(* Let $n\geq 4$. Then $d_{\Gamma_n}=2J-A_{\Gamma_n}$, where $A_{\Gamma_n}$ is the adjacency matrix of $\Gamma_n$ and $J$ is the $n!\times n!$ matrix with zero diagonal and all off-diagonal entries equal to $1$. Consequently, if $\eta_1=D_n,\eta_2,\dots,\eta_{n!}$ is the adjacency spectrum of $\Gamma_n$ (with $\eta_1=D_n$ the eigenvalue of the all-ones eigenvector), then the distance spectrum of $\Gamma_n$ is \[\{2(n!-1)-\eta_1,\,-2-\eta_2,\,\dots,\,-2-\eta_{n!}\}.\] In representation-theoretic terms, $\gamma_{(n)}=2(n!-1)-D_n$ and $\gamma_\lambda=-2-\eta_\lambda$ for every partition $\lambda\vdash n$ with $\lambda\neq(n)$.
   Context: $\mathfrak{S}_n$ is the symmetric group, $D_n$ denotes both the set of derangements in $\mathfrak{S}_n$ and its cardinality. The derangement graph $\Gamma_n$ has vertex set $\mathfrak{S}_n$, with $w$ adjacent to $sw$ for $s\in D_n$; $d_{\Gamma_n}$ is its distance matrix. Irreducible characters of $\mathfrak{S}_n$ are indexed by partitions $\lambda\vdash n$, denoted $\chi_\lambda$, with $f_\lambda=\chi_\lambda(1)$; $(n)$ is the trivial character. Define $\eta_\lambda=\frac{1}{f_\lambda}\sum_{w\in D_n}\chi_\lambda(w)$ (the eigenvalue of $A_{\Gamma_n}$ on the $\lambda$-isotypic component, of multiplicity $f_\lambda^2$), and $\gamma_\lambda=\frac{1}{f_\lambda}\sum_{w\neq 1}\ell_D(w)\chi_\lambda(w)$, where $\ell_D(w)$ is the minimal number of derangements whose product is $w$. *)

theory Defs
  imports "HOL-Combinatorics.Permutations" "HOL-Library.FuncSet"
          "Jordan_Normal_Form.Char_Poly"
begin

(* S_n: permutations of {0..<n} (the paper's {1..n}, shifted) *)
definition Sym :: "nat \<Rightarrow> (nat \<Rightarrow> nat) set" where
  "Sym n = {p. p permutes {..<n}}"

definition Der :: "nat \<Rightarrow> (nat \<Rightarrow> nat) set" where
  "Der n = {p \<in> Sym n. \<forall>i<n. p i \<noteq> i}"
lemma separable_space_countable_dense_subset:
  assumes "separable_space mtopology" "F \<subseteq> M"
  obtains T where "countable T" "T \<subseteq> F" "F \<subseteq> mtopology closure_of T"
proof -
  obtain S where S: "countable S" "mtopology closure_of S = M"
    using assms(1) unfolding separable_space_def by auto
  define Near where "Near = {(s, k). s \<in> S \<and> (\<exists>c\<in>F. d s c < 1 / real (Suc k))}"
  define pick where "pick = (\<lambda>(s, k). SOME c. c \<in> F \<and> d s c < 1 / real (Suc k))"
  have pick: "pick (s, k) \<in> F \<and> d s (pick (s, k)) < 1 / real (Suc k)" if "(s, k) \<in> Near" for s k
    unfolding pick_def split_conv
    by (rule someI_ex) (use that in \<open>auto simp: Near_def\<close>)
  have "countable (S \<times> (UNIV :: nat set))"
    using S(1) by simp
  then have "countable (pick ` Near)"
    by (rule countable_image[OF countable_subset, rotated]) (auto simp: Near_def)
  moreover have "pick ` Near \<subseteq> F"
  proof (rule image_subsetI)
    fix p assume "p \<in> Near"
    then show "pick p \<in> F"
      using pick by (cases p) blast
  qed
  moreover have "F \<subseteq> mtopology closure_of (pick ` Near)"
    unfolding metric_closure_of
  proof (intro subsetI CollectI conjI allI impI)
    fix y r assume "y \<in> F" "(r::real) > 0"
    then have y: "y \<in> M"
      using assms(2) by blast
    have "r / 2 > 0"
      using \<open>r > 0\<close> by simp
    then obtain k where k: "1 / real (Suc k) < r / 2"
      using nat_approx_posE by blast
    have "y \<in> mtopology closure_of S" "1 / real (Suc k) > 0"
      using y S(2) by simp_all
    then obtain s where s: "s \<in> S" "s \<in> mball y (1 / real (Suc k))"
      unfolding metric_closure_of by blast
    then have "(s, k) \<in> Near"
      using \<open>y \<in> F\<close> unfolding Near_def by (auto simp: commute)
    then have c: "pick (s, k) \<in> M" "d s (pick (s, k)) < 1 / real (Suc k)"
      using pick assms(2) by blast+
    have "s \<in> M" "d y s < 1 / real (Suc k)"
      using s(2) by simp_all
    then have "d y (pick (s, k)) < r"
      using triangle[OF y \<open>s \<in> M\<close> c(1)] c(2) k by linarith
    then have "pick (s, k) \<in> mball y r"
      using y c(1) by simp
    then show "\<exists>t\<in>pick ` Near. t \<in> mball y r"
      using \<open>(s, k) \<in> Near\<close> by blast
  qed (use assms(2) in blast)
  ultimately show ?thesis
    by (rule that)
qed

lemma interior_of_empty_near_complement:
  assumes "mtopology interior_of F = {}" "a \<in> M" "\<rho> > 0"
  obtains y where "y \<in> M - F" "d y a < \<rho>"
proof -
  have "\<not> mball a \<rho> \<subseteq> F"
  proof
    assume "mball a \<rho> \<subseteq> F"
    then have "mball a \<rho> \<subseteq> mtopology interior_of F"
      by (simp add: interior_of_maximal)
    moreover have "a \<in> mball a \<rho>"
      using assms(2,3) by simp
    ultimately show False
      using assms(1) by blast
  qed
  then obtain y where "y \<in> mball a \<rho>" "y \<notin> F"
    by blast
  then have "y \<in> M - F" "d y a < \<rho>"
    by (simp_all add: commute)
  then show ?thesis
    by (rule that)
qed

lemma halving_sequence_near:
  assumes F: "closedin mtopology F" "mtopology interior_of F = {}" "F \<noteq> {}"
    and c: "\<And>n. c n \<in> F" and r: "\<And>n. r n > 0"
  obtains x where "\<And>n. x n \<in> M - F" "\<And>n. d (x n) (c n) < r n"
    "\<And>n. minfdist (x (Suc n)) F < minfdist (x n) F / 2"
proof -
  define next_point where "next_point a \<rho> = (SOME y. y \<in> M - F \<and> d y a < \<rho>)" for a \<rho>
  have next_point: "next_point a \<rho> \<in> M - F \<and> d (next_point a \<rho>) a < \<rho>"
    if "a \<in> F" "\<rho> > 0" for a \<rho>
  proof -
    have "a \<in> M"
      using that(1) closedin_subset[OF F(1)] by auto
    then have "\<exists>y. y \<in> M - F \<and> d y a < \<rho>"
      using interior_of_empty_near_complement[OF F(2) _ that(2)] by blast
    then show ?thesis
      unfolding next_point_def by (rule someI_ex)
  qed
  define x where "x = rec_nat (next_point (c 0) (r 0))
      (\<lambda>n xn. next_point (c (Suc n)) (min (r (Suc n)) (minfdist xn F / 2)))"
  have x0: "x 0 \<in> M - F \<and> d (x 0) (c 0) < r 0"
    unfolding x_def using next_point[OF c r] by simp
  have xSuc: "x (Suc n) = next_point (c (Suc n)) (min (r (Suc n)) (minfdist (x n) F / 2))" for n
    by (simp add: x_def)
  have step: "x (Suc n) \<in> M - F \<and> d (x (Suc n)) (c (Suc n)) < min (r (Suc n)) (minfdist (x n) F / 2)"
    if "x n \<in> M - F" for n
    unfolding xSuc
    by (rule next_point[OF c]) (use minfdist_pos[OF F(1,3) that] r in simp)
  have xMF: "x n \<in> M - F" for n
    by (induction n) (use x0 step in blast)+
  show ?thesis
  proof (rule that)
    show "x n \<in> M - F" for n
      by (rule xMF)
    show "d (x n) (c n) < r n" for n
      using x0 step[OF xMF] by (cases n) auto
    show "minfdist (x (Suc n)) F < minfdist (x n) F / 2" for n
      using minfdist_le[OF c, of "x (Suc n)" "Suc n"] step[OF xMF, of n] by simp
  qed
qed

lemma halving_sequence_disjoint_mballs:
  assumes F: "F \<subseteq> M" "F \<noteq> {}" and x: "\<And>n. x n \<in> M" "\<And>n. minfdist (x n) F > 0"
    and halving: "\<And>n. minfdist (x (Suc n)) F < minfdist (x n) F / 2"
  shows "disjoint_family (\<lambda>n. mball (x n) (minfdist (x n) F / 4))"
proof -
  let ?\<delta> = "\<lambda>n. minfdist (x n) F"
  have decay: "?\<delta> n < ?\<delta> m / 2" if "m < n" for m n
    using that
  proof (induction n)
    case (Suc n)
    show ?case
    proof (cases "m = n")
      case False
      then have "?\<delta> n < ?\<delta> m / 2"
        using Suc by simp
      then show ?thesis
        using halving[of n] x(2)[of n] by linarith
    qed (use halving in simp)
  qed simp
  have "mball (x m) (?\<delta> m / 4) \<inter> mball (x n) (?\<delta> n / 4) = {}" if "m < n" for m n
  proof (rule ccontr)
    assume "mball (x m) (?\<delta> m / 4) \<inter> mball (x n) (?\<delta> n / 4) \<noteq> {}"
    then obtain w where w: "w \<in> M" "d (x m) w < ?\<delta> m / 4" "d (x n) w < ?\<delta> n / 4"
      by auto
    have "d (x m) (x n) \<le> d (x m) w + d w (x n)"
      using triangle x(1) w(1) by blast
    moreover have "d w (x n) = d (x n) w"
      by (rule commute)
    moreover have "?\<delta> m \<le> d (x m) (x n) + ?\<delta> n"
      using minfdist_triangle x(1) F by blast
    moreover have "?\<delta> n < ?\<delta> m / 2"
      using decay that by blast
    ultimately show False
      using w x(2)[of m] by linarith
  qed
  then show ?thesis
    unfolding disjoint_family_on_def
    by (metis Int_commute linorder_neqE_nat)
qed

★ ★ ★

Copy every line of the data that holds the string "induction".

◆ Written answer ◆
    by (induction n) (use x0 step in blast)+
  proof (induction n)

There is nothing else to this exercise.